Within this material, find every line where the string "permutes" appears, and copy it out.

━━━━━━━━━━━━━━━━━━━━━━━━━━━━━━

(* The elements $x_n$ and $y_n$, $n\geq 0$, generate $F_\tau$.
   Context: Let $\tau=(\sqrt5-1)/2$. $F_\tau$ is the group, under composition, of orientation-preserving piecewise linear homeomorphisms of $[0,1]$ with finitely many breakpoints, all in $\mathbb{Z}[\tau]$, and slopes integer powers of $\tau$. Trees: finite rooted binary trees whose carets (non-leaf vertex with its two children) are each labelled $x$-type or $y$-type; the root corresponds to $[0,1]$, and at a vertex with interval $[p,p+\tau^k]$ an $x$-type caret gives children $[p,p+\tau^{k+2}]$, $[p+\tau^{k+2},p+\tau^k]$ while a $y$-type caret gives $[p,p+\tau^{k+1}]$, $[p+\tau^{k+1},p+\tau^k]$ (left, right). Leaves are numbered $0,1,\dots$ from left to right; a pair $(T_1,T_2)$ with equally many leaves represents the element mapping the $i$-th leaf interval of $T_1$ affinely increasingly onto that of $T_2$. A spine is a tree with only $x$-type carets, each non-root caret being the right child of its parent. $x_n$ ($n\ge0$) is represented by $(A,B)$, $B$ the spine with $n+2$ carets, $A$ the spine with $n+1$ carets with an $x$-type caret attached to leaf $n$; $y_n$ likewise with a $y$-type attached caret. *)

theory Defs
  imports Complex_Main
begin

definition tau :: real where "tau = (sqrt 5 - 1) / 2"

━━━━━━━━━━━━━━━━━━━━━━━━━━━━━━

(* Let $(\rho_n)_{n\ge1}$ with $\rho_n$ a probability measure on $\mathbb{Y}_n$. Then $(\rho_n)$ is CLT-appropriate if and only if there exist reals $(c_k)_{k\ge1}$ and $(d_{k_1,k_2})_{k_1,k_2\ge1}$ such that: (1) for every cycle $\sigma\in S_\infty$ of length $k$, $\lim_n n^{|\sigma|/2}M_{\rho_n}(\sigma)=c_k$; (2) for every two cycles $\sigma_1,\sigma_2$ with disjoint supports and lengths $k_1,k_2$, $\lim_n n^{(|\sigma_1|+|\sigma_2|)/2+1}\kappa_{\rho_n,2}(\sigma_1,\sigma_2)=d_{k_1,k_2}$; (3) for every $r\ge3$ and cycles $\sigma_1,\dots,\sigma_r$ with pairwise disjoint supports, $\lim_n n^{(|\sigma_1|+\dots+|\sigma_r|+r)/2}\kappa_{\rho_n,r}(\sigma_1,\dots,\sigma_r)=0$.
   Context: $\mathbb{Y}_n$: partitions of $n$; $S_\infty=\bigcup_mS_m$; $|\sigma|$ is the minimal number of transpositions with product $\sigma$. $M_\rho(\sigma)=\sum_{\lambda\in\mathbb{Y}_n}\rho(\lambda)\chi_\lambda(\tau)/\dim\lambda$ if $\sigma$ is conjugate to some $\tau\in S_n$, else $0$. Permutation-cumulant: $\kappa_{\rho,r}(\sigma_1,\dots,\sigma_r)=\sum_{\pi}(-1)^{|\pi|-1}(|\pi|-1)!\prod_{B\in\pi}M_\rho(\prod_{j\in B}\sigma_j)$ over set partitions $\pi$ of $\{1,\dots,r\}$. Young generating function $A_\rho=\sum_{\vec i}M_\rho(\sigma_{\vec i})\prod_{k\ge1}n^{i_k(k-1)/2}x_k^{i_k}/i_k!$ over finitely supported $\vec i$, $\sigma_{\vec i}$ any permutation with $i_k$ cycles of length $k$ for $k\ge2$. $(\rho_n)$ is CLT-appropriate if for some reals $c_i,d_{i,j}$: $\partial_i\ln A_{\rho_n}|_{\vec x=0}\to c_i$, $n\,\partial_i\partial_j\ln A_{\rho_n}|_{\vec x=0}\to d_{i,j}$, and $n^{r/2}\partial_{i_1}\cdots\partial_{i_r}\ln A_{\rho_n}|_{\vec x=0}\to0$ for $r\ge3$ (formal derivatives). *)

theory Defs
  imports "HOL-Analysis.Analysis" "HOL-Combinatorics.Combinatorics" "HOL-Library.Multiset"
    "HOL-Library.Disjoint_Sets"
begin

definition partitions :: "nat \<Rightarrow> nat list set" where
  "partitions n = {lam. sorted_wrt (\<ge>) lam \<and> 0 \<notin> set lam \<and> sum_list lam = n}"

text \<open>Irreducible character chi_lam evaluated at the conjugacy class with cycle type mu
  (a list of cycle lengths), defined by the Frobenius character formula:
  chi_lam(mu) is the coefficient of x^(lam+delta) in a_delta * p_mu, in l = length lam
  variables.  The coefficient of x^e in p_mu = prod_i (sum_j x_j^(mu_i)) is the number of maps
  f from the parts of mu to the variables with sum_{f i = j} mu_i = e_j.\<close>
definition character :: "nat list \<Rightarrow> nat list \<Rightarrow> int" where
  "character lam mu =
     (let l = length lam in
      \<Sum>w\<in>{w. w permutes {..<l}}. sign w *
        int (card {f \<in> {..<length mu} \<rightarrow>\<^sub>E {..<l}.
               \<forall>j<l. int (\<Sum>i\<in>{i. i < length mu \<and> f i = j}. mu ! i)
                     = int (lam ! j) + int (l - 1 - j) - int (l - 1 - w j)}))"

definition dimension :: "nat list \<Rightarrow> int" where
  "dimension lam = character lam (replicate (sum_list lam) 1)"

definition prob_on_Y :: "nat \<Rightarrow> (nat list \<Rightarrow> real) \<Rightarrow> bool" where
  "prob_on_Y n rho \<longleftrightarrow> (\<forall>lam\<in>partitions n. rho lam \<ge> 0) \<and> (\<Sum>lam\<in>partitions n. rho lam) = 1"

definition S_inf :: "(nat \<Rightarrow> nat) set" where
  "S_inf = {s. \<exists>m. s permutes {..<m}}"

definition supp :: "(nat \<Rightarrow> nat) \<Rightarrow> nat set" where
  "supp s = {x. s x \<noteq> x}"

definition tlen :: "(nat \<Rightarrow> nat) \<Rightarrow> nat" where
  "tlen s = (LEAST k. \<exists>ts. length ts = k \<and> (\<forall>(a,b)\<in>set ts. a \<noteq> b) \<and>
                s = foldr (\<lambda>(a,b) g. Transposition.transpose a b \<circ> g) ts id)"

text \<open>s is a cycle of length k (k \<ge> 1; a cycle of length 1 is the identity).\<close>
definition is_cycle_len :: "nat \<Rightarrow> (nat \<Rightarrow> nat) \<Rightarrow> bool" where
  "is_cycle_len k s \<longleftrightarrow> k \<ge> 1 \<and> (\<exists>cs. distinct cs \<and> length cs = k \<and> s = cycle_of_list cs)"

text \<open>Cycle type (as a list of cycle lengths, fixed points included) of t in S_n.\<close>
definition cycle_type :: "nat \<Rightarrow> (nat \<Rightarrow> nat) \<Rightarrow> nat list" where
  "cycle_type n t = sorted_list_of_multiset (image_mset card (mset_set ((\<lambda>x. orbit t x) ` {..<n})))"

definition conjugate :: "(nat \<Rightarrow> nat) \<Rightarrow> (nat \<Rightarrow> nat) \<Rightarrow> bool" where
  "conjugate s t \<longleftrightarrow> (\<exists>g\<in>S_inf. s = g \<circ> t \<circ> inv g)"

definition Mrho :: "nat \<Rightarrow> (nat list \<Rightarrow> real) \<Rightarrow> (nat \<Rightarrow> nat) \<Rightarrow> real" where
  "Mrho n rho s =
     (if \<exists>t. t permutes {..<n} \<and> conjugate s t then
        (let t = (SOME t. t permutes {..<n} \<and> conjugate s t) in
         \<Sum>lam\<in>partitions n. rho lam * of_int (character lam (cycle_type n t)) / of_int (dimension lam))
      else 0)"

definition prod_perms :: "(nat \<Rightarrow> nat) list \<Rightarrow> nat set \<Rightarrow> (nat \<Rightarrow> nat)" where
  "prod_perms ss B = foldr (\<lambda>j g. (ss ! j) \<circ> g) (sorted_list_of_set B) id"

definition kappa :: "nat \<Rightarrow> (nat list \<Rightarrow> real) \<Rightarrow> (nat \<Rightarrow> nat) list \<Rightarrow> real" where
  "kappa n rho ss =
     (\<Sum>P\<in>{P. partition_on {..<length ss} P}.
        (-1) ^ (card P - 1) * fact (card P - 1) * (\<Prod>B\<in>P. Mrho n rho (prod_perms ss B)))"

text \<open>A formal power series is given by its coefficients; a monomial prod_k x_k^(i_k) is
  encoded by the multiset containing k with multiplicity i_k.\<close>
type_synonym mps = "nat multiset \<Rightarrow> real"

━━━━━━━━━━━━━━━━━━━━━━━━━━━━━━

Output of the exercise:
      \<Sum>w\<in>{w. w permutes {..<l}}. sign w *
  "S_inf = {s. \<exists>m. s permutes {..<m}}"
     (if \<exists>t. t permutes {..<n} \<and> conjugate s t then
        (let t = (SOME t. t permutes {..<n} \<and> conjugate s t) in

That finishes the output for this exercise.